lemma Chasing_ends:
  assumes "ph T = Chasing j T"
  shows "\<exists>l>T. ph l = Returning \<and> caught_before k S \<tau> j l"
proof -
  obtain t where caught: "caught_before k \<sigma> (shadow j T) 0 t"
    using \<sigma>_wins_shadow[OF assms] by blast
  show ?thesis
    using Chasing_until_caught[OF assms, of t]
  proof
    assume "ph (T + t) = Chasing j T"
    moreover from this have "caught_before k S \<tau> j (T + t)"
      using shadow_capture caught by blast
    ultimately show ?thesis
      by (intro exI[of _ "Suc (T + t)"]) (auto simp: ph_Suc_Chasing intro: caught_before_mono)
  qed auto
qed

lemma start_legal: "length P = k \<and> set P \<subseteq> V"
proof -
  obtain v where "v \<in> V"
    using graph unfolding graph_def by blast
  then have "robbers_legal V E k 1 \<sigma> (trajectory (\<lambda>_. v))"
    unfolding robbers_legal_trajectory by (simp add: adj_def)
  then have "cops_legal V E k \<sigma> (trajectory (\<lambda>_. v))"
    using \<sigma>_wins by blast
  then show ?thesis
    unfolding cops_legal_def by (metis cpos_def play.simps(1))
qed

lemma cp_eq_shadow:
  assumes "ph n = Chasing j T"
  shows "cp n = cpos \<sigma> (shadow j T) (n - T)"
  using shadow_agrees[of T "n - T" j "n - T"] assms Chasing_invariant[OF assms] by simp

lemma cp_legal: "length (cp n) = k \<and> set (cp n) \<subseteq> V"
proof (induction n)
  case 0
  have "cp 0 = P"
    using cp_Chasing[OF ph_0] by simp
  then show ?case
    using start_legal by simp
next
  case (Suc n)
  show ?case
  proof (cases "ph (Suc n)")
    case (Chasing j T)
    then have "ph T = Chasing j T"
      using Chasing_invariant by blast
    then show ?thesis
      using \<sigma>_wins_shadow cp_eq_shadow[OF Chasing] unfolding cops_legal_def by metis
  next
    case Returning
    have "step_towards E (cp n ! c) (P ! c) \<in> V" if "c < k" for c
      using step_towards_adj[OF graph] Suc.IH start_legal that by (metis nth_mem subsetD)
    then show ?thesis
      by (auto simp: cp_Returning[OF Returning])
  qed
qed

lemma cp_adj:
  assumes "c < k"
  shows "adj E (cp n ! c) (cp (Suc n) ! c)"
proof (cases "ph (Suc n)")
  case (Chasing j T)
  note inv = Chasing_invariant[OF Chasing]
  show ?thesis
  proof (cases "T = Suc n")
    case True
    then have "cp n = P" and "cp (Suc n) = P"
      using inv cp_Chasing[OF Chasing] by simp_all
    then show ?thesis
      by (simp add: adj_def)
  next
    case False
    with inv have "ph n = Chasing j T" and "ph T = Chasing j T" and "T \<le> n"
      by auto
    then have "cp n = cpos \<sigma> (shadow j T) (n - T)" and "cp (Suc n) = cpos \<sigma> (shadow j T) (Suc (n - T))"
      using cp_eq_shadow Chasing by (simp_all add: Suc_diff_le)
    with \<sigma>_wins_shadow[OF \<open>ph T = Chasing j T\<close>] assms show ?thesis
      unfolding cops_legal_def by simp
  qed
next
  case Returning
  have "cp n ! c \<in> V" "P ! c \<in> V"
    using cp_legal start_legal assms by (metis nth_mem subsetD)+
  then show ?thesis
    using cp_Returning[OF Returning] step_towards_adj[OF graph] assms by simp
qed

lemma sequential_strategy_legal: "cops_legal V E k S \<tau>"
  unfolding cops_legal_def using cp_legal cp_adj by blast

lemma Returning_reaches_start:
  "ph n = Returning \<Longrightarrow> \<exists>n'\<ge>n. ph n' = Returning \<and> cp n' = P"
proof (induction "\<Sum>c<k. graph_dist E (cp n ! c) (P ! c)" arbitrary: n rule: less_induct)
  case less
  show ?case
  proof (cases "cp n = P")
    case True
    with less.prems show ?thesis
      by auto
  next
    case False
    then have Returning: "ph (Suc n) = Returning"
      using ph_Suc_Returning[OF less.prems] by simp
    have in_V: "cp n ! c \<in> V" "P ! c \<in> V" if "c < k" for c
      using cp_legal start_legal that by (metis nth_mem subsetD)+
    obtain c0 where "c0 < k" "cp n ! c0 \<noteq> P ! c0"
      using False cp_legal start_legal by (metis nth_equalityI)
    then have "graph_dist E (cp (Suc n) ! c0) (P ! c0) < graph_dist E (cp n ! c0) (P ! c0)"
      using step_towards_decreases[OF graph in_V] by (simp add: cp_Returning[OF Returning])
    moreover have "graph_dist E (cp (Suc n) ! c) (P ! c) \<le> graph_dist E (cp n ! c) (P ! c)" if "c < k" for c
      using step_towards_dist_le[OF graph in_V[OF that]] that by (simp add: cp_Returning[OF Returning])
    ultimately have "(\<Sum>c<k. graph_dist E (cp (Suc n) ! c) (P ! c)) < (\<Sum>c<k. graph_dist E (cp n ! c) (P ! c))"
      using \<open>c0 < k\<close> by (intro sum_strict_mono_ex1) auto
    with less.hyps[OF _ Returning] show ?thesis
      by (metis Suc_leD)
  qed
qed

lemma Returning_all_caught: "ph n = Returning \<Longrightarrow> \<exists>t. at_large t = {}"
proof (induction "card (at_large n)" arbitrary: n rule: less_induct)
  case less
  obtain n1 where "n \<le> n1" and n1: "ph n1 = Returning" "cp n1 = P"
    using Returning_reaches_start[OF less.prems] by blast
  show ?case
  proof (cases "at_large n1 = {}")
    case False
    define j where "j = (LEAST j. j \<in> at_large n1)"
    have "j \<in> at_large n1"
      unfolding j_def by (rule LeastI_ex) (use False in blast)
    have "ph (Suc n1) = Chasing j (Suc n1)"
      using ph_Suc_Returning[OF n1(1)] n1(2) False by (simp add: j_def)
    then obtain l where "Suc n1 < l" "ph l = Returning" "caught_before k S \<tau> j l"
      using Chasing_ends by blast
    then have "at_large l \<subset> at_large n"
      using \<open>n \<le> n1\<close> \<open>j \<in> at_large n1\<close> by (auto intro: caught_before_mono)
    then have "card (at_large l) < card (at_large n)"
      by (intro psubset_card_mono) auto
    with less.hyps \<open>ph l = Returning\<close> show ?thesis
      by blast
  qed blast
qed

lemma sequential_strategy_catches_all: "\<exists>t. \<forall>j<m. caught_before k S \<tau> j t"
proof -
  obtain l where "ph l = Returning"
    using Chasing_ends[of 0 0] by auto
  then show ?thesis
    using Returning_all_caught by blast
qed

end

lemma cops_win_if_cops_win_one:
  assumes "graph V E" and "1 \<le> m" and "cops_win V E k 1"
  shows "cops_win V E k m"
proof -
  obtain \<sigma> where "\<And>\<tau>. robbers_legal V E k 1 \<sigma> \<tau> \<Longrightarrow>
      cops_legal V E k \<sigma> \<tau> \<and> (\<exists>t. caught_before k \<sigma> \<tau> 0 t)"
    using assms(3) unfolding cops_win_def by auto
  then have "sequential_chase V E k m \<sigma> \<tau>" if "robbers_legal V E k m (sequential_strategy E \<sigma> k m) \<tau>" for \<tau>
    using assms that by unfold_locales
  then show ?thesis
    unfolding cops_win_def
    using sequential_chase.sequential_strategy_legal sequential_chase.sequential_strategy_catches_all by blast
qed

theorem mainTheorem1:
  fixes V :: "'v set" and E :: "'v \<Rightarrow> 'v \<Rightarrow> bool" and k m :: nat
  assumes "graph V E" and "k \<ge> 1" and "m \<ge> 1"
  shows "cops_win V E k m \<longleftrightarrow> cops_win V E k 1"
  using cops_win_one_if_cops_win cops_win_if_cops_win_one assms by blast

---------------

▶ _What the exercise asks_: Return all of the listing above exactly, leaving nothing out.

▶ _Answer to this task_:
lemma Chasing_ends:
  assumes "ph T = Chasing j T"
  shows "\<exists>l>T. ph l = Returning \<and> caught_before k S \<tau> j l"
proof -
  obtain t where caught: "caught_before k \<sigma> (shadow j T) 0 t"
    using \<sigma>_wins_shadow[OF assms] by blast
  show ?thesis
    using Chasing_until_caught[OF assms, of t]
  proof
    assume "ph (T + t) = Chasing j T"
    moreover from this have "caught_before k S \<tau> j (T + t)"
      using shadow_capture caught by blast
    ultimately show ?thesis
      by (intro exI[of _ "Suc (T + t)"]) (auto simp: ph_Suc_Chasing intro: caught_before_mono)
  qed auto
qed

lemma start_legal: "length P = k \<and> set P \<subseteq> V"
proof -
  obtain v where "v \<in> V"
    using graph unfolding graph_def by blast
  then have "robbers_legal V E k 1 \<sigma> (trajectory (\<lambda>_. v))"
    unfolding robbers_legal_trajectory by (simp add: adj_def)
  then have "cops_legal V E k \<sigma> (trajectory (\<lambda>_. v))"
    using \<sigma>_wins by blast
  then show ?thesis
    unfolding cops_legal_def by (metis cpos_def play.simps(1))
qed

lemma cp_eq_shadow:
  assumes "ph n = Chasing j T"
  shows "cp n = cpos \<sigma> (shadow j T) (n - T)"
  using shadow_agrees[of T "n - T" j "n - T"] assms Chasing_invariant[OF assms] by simp

lemma cp_legal: "length (cp n) = k \<and> set (cp n) \<subseteq> V"
proof (induction n)
  case 0
  have "cp 0 = P"
    using cp_Chasing[OF ph_0] by simp
  then show ?case
    using start_legal by simp
next
  case (Suc n)
  show ?case
  proof (cases "ph (Suc n)")
    case (Chasing j T)
    then have "ph T = Chasing j T"
      using Chasing_invariant by blast
    then show ?thesis
      using \<sigma>_wins_shadow cp_eq_shadow[OF Chasing] unfolding cops_legal_def by metis
  next
    case Returning
    have "step_towards E (cp n ! c) (P ! c) \<in> V" if "c < k" for c
      using step_towards_adj[OF graph] Suc.IH start_legal that by (metis nth_mem subsetD)
    then show ?thesis
      by (auto simp: cp_Returning[OF Returning])
  qed
qed

lemma cp_adj:
  assumes "c < k"
  shows "adj E (cp n ! c) (cp (Suc n) ! c)"
proof (cases "ph (Suc n)")
  case (Chasing j T)
  note inv = Chasing_invariant[OF Chasing]
  show ?thesis
  proof (cases "T = Suc n")
    case True
    then have "cp n = P" and "cp (Suc n) = P"
      using inv cp_Chasing[OF Chasing] by simp_all
    then show ?thesis
      by (simp add: adj_def)
  next
    case False
    with inv have "ph n = Chasing j T" and "ph T = Chasing j T" and "T \<le> n"
      by auto
    then have "cp n = cpos \<sigma> (shadow j T) (n - T)" and "cp (Suc n) = cpos \<sigma> (shadow j T) (Suc (n - T))"
      using cp_eq_shadow Chasing by (simp_all add: Suc_diff_le)
    with \<sigma>_wins_shadow[OF \<open>ph T = Chasing j T\<close>] assms show ?thesis
      unfolding cops_legal_def by simp
  qed
next
  case Returning
  have "cp n ! c \<in> V" "P ! c \<in> V"
    using cp_legal start_legal assms by (metis nth_mem subsetD)+
  then show ?thesis
    using cp_Returning[OF Returning] step_towards_adj[OF graph] assms by simp
qed

lemma sequential_strategy_legal: "cops_legal V E k S \<tau>"
  unfolding cops_legal_def using cp_legal cp_adj by blast

lemma Returning_reaches_start:
  "ph n = Returning \<Longrightarrow> \<exists>n'\<ge>n. ph n' = Returning \<and> cp n' = P"
proof (induction "\<Sum>c<k. graph_dist E (cp n ! c) (P ! c)" arbitrary: n rule: less_induct)
  case less
  show ?case
  proof (cases "cp n = P")
    case True
    with less.prems show ?thesis
      by auto
  next
    case False
    then have Returning: "ph (Suc n) = Returning"
      using ph_Suc_Returning[OF less.prems] by simp
    have in_V: "cp n ! c \<in> V" "P ! c \<in> V" if "c < k" for c
      using cp_legal start_legal that by (metis nth_mem subsetD)+
    obtain c0 where "c0 < k" "cp n ! c0 \<noteq> P ! c0"
      using False cp_legal start_legal by (metis nth_equalityI)
    then have "graph_dist E (cp (Suc n) ! c0) (P ! c0) < graph_dist E (cp n ! c0) (P ! c0)"
      using step_towards_decreases[OF graph in_V] by (simp add: cp_Returning[OF Returning])
    moreover have "graph_dist E (cp (Suc n) ! c) (P ! c) \<le> graph_dist E (cp n ! c) (P ! c)" if "c < k" for c
      using step_towards_dist_le[OF graph in_V[OF that]] that by (simp add: cp_Returning[OF Returning])
    ultimately have "(\<Sum>c<k. graph_dist E (cp (Suc n) ! c) (P ! c)) < (\<Sum>c<k. graph_dist E (cp n ! c) (P ! c))"
      using \<open>c0 < k\<close> by (intro sum_strict_mono_ex1) auto
    with less.hyps[OF _ Returning] show ?thesis
      by (metis Suc_leD)
  qed
qed

lemma Returning_all_caught: "ph n = Returning \<Longrightarrow> \<exists>t. at_large t = {}"
proof (induction "card (at_large n)" arbitrary: n rule: less_induct)
  case less
  obtain n1 where "n \<le> n1" and n1: "ph n1 = Returning" "cp n1 = P"
    using Returning_reaches_start[OF less.prems] by blast
  show ?case
  proof (cases "at_large n1 = {}")
    case False
    define j where "j = (LEAST j. j \<in> at_large n1)"
    have "j \<in> at_large n1"
      unfolding j_def by (rule LeastI_ex) (use False in blast)
    have "ph (Suc n1) = Chasing j (Suc n1)"
      using ph_Suc_Returning[OF n1(1)] n1(2) False by (simp add: j_def)
    then obtain l where "Suc n1 < l" "ph l = Returning" "caught_before k S \<tau> j l"
      using Chasing_ends by blast
    then have "at_large l \<subset> at_large n"
      using \<open>n \<le> n1\<close> \<open>j \<in> at_large n1\<close> by (auto intro: caught_before_mono)
    then have "card (at_large l) < card (at_large n)"
      by (intro psubset_card_mono) auto
    with less.hyps \<open>ph l = Returning\<close> show ?thesis
      by blast
  qed blast
qed

lemma sequential_strategy_catches_all: "\<exists>t. \<forall>j<m. caught_before k S \<tau> j t"
proof -
  obtain l where "ph l = Returning"
    using Chasing_ends[of 0 0] by auto
  then show ?thesis
    using Returning_all_caught by blast
qed

end

lemma cops_win_if_cops_win_one:
  assumes "graph V E" and "1 \<le> m" and "cops_win V E k 1"
  shows "cops_win V E k m"
proof -
  obtain \<sigma> where "\<And>\<tau>. robbers_legal V E k 1 \<sigma> \<tau> \<Longrightarrow>
      cops_legal V E k \<sigma> \<tau> \<and> (\<exists>t. caught_before k \<sigma> \<tau> 0 t)"
    using assms(3) unfolding cops_win_def by auto
  then have "sequential_chase V E k m \<sigma> \<tau>" if "robbers_legal V E k m (sequential_strategy E \<sigma> k m) \<tau>" for \<tau>
    using assms that by unfold_locales
  then show ?thesis
    unfolding cops_win_def
    using sequential_chase.sequential_strategy_legal sequential_chase.sequential_strategy_catches_all by blast
qed

theorem mainTheorem1:
  fixes V :: "'v set" and E :: "'v \<Rightarrow> 'v \<Rightarrow> bool" and k m :: nat
  assumes "graph V E" and "k \<ge> 1" and "m \<ge> 1"
  shows "cops_win V E k m \<longleftrightarrow> cops_win V E k 1"
  using cops_win_one_if_cops_win cops_win_if_cops_win_one assms by blast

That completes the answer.